### Work instructions
Below are the data; count the lines with the string "False" in them and give that number only.

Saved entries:
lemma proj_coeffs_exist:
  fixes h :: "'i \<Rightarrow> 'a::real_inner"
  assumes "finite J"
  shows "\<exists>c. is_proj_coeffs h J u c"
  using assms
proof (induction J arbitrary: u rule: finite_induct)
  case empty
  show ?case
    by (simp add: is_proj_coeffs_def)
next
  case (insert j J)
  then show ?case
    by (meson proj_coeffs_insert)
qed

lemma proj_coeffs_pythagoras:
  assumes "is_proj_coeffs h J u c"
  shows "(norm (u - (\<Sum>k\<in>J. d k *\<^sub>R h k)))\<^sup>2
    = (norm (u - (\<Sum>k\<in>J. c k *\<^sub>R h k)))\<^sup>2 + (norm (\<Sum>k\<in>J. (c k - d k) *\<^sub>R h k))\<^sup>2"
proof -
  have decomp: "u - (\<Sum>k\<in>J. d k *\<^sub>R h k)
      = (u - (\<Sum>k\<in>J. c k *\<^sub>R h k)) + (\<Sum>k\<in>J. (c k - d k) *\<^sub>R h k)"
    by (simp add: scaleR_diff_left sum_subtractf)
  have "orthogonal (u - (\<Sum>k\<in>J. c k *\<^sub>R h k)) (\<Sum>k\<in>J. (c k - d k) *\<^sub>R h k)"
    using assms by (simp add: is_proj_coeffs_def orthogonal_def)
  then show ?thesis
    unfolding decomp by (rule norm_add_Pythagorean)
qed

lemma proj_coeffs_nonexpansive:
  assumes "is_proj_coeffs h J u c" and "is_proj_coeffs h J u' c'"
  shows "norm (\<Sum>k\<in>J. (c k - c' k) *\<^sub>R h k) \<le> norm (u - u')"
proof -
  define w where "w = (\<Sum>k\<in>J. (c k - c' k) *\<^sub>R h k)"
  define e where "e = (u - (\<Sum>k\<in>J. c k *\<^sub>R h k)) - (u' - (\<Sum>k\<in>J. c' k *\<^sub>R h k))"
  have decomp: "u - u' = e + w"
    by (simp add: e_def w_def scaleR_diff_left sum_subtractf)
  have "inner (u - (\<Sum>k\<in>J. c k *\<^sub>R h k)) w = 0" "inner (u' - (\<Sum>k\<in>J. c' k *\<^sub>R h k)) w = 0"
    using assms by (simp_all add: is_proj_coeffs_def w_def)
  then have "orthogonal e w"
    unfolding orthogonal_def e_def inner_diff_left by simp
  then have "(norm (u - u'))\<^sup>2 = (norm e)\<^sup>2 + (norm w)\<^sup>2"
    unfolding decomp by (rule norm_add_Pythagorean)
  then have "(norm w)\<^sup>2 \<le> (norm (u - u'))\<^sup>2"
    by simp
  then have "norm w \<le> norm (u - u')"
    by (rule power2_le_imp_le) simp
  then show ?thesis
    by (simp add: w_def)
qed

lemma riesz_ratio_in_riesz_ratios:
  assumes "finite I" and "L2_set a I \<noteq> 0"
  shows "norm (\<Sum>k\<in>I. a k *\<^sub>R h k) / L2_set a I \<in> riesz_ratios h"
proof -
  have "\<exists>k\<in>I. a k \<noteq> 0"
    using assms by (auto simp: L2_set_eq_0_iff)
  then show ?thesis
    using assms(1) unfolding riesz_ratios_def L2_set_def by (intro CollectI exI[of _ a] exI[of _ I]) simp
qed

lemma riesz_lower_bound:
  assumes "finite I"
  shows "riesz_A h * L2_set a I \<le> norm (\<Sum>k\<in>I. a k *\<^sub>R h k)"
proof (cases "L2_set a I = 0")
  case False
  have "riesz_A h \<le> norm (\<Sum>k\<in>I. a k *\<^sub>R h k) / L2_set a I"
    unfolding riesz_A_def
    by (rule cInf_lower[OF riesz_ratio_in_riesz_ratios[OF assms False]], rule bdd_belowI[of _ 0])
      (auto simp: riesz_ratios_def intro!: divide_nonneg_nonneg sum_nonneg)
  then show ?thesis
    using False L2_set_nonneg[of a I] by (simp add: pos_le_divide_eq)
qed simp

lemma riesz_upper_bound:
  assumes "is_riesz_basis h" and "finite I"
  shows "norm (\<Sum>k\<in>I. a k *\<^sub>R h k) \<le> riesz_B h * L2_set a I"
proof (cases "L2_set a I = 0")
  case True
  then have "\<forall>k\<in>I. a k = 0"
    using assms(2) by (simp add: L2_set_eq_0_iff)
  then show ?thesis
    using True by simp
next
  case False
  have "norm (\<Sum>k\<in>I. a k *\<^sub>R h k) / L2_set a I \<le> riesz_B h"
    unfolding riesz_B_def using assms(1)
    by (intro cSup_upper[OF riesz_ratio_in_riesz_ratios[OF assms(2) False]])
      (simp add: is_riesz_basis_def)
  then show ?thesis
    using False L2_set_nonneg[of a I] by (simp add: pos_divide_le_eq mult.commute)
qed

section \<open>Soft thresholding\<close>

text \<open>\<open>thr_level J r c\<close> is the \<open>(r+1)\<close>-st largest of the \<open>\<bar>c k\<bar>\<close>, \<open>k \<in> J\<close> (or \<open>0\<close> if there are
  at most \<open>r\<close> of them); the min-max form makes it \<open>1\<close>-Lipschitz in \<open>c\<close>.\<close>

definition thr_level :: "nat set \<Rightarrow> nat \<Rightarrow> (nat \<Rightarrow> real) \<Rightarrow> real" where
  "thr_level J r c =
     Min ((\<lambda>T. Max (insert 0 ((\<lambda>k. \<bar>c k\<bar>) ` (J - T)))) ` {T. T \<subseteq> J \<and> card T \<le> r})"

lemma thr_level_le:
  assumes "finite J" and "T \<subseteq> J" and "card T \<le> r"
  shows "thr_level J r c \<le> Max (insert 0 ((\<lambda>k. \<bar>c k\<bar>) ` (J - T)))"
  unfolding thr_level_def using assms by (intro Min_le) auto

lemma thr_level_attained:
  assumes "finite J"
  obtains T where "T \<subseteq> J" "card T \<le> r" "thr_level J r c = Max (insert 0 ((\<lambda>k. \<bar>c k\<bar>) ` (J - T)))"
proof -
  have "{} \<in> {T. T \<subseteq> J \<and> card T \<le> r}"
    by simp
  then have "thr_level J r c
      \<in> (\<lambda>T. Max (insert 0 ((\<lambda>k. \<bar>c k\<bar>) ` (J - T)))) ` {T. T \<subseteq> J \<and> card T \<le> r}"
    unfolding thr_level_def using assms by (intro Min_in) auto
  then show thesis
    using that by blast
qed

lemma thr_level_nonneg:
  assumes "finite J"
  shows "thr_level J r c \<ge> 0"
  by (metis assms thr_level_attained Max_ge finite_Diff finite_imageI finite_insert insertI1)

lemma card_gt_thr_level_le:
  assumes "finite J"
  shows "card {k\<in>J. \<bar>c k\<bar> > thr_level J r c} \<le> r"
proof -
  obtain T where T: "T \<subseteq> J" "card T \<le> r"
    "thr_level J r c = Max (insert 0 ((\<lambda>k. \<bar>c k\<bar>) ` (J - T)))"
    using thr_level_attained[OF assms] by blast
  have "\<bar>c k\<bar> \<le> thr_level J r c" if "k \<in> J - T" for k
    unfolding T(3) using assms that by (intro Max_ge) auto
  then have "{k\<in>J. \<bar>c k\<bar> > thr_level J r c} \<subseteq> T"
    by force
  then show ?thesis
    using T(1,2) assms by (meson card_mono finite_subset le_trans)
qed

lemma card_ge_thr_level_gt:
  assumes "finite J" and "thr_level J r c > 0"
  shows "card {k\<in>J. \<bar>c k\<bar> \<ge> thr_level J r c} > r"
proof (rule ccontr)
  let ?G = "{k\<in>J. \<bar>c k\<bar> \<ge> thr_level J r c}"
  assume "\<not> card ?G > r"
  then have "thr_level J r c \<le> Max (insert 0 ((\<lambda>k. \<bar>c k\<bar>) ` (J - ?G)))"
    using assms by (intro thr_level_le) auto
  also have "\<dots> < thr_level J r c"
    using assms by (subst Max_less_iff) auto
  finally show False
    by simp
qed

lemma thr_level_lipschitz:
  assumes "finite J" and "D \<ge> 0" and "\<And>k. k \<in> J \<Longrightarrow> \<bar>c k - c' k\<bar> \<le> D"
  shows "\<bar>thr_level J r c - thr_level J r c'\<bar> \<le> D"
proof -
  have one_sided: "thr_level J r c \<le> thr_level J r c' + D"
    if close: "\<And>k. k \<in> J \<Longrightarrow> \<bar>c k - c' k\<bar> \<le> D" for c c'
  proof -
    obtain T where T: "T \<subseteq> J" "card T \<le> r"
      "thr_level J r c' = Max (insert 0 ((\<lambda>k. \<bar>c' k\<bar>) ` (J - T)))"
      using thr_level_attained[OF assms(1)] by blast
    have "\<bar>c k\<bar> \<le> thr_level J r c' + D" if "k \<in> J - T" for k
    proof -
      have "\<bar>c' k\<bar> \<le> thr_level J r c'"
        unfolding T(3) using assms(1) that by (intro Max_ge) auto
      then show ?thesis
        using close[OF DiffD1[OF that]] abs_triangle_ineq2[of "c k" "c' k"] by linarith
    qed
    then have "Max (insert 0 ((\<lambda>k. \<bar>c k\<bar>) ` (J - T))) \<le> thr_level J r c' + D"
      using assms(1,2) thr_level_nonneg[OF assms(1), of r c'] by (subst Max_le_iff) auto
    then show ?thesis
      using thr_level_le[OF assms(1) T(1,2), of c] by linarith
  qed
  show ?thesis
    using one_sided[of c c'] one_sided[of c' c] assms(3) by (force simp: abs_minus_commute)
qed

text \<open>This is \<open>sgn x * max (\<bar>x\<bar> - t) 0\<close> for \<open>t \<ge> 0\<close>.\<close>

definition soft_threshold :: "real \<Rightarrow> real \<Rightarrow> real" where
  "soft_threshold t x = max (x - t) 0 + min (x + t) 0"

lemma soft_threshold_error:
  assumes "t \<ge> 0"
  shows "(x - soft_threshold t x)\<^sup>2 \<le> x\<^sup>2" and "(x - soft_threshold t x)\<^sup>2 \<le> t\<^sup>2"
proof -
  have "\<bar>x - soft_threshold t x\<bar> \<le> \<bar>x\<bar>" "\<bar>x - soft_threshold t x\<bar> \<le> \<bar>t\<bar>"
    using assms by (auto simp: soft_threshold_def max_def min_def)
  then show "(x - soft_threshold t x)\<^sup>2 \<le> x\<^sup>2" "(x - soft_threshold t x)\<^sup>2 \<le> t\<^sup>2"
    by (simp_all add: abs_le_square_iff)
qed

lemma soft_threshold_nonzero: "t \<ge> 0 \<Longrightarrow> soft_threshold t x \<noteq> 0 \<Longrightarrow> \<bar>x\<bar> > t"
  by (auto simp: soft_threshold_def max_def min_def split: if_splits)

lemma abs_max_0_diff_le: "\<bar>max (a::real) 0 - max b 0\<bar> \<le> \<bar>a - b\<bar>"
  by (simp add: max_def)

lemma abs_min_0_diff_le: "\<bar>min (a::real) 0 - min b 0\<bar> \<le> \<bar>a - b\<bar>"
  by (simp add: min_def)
---
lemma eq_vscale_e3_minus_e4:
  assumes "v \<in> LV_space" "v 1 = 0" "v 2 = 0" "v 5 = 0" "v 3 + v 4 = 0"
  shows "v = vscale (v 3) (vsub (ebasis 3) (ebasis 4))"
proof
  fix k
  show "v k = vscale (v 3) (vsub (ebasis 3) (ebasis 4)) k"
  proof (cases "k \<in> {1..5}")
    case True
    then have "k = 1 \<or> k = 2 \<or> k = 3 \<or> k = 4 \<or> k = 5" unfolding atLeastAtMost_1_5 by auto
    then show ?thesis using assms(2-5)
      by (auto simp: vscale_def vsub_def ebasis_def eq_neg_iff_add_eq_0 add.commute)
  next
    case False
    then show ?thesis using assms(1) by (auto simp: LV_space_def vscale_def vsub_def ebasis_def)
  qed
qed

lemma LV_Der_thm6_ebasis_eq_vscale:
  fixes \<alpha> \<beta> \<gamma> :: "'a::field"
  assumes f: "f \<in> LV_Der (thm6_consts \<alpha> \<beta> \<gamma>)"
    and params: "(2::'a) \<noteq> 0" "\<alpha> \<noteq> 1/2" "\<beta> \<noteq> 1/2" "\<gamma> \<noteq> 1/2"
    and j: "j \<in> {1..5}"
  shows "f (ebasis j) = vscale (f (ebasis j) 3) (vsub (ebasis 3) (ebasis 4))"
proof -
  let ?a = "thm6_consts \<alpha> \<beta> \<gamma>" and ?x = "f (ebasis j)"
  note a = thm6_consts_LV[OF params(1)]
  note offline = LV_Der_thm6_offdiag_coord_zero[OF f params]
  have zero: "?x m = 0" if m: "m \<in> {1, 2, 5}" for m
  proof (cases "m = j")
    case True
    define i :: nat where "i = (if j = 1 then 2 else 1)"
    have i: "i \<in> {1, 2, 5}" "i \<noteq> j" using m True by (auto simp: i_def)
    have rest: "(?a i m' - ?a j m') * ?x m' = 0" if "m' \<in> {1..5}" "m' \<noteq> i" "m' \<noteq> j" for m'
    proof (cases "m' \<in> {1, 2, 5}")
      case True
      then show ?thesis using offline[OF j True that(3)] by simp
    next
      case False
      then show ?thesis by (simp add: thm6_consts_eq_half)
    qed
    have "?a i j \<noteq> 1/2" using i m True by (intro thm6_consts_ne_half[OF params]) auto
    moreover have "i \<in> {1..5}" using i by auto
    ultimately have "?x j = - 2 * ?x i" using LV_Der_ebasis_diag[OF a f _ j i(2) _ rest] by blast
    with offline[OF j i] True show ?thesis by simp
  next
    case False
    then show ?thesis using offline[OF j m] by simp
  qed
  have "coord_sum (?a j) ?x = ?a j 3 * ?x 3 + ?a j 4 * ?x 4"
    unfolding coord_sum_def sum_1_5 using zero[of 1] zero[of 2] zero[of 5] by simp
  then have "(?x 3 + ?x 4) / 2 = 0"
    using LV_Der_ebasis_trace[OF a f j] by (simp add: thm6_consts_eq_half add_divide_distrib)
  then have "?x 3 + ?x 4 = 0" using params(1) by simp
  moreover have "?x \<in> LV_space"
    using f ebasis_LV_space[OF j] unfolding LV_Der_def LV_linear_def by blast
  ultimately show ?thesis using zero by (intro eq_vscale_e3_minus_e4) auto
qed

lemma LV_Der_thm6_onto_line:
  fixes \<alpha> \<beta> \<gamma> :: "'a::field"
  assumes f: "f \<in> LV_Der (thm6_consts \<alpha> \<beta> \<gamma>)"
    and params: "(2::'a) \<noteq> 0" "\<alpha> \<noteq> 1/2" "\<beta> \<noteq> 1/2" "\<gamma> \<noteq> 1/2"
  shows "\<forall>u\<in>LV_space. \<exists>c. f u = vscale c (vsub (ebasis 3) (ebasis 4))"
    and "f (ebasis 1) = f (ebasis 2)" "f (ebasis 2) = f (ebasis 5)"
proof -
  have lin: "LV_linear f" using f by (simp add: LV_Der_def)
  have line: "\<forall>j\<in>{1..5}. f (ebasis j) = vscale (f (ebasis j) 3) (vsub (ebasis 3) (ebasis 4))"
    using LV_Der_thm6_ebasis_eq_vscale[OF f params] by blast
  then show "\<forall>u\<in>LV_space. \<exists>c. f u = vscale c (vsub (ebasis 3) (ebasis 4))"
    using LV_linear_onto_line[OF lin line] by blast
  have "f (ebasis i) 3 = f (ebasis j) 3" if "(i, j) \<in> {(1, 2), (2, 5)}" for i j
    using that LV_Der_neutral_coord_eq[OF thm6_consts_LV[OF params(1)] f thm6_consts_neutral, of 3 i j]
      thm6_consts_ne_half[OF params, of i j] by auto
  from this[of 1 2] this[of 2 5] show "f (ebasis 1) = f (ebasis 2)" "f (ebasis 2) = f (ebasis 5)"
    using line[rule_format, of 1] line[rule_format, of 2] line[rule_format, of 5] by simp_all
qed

### Task response
10